Saved data entries

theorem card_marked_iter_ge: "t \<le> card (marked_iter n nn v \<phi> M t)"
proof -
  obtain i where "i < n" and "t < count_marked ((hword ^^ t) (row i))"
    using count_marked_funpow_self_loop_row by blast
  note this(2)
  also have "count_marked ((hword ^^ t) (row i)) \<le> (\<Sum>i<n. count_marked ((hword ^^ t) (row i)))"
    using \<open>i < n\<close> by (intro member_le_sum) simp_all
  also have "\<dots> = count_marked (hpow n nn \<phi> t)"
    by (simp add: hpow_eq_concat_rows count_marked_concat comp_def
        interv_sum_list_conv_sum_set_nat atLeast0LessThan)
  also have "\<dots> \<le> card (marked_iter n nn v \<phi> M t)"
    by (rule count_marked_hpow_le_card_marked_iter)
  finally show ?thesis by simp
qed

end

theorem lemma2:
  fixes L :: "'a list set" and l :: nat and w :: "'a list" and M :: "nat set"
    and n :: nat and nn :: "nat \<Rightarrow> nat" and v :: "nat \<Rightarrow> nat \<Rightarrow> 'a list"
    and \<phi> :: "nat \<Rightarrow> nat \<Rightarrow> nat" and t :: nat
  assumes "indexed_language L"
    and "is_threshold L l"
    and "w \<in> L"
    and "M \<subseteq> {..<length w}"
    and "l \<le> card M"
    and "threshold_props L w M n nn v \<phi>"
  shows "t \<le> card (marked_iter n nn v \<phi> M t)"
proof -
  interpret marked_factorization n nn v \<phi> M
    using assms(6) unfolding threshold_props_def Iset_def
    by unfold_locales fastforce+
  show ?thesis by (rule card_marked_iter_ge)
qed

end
---
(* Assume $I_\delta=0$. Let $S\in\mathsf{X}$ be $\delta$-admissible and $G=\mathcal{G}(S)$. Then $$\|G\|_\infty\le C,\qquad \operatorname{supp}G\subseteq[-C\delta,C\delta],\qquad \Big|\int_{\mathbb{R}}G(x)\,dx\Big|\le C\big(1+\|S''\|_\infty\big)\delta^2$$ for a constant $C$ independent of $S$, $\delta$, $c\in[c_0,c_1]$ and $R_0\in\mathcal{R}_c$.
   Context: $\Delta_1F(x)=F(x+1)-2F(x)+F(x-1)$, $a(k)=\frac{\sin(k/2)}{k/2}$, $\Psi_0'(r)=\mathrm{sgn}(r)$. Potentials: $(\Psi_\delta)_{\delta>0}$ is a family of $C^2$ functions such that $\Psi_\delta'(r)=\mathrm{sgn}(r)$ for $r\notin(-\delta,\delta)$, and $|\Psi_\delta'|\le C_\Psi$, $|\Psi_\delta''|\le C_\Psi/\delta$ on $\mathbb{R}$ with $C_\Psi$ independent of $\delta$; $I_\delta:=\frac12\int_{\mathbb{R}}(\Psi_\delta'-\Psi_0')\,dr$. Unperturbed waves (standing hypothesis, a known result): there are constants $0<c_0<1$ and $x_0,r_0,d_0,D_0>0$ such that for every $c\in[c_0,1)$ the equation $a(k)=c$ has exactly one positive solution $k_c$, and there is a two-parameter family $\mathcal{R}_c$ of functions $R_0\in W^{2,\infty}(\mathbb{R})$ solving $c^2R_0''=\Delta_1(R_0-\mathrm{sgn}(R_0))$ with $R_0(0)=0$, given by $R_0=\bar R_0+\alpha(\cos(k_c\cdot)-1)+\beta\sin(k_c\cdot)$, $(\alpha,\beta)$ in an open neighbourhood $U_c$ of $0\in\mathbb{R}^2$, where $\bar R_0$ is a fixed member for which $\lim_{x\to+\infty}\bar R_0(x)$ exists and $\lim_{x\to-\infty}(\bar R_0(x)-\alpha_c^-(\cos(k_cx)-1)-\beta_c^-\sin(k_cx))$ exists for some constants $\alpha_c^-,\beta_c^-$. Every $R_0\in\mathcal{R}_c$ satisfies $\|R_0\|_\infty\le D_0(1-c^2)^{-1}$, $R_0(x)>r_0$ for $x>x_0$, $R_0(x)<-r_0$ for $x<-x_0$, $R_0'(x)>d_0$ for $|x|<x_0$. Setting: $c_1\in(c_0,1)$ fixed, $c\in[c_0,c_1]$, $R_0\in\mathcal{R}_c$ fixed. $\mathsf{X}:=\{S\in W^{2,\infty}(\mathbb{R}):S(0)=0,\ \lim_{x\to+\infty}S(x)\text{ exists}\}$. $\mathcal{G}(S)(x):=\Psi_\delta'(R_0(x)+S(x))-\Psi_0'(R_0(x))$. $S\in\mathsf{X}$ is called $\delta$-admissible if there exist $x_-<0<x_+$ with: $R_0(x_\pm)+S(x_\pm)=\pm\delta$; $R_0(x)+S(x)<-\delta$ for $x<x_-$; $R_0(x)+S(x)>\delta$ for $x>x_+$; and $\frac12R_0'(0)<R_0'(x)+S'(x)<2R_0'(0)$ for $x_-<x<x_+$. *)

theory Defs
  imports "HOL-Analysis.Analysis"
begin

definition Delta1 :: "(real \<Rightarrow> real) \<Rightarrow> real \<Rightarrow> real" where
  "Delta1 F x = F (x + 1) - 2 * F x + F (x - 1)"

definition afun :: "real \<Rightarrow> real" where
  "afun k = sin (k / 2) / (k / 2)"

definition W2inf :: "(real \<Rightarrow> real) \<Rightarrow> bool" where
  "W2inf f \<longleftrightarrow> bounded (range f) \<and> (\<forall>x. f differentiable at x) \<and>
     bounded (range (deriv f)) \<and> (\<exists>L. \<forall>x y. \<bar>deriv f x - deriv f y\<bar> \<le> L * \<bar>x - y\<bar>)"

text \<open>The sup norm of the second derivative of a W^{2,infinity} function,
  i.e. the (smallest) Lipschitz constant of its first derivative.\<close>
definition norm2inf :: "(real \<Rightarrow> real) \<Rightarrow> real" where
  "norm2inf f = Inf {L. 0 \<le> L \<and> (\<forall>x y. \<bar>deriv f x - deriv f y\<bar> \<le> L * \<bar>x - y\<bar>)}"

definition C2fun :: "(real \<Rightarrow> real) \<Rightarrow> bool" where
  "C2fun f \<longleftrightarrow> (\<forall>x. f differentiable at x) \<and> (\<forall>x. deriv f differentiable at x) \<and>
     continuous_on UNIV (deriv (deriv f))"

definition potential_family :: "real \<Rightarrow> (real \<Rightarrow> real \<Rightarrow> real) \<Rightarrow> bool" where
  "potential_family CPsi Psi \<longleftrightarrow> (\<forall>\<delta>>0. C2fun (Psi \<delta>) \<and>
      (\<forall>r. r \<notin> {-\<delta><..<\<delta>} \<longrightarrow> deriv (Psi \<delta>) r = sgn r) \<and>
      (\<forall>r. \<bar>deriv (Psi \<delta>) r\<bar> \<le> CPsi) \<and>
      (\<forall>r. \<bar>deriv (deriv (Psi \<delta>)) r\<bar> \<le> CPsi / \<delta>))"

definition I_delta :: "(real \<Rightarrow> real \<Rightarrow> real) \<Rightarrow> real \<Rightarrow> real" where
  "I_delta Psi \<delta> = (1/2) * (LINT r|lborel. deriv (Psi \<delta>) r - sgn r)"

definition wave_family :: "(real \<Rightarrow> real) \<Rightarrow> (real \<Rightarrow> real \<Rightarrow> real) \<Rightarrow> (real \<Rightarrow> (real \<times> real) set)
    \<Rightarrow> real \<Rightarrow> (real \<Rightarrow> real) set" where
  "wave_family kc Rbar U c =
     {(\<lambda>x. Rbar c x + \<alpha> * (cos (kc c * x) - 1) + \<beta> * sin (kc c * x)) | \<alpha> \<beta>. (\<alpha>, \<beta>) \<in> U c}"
--
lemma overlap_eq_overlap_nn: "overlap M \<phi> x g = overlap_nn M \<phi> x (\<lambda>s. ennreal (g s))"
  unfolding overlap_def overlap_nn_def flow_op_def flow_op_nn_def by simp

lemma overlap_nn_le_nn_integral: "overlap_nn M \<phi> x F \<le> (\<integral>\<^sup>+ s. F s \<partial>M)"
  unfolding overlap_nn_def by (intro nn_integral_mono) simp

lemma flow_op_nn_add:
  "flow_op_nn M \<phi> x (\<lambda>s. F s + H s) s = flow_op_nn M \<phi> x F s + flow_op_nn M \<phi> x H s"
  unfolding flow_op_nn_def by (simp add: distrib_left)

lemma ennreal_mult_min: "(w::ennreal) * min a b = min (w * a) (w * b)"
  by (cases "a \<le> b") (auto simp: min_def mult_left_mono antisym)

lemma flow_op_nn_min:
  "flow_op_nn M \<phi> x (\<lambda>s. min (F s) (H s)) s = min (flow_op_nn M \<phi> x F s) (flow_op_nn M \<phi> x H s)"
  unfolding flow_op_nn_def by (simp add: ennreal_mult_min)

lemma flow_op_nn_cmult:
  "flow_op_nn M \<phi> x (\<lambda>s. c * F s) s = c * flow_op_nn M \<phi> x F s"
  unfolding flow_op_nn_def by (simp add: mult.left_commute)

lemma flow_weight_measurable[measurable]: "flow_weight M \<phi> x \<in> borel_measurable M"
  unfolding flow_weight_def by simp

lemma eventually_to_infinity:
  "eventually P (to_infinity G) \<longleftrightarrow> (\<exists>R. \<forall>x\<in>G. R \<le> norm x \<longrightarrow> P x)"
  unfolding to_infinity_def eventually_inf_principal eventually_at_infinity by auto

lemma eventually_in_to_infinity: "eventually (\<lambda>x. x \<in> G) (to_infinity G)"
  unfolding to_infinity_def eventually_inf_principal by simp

What to work on
Take the stretch of lines above from the one containing "sin (k / 2)" through the one containing "kc Rbar U c" and repeat it exactly, adding no other line.

Written reply
  "afun k = sin (k / 2) / (k / 2)"

definition W2inf :: "(real \<Rightarrow> real) \<Rightarrow> bool" where
  "W2inf f \<longleftrightarrow> bounded (range f) \<and> (\<forall>x. f differentiable at x) \<and>
     bounded (range (deriv f)) \<and> (\<exists>L. \<forall>x y. \<bar>deriv f x - deriv f y\<bar> \<le> L * \<bar>x - y\<bar>)"

text \<open>The sup norm of the second derivative of a W^{2,infinity} function,
  i.e. the (smallest) Lipschitz constant of its first derivative.\<close>
definition norm2inf :: "(real \<Rightarrow> real) \<Rightarrow> real" where
  "norm2inf f = Inf {L. 0 \<le> L \<and> (\<forall>x y. \<bar>deriv f x - deriv f y\<bar> \<le> L * \<bar>x - y\<bar>)}"

definition C2fun :: "(real \<Rightarrow> real) \<Rightarrow> bool" where
  "C2fun f \<longleftrightarrow> (\<forall>x. f differentiable at x) \<and> (\<forall>x. deriv f differentiable at x) \<and>
     continuous_on UNIV (deriv (deriv f))"

definition potential_family :: "real \<Rightarrow> (real \<Rightarrow> real \<Rightarrow> real) \<Rightarrow> bool" where
  "potential_family CPsi Psi \<longleftrightarrow> (\<forall>\<delta>>0. C2fun (Psi \<delta>) \<and>
      (\<forall>r. r \<notin> {-\<delta><..<\<delta>} \<longrightarrow> deriv (Psi \<delta>) r = sgn r) \<and>
      (\<forall>r. \<bar>deriv (Psi \<delta>) r\<bar> \<le> CPsi) \<and>
      (\<forall>r. \<bar>deriv (deriv (Psi \<delta>)) r\<bar> \<le> CPsi / \<delta>))"

definition I_delta :: "(real \<Rightarrow> real \<Rightarrow> real) \<Rightarrow> real \<Rightarrow> real" where
  "I_delta Psi \<delta> = (1/2) * (LINT r|lborel. deriv (Psi \<delta>) r - sgn r)"

definition wave_family :: "(real \<Rightarrow> real) \<Rightarrow> (real \<Rightarrow> real \<Rightarrow> real) \<Rightarrow> (real \<Rightarrow> (real \<times> real) set)
    \<Rightarrow> real \<Rightarrow> (real \<Rightarrow> real) set" where
  "wave_family kc Rbar U c =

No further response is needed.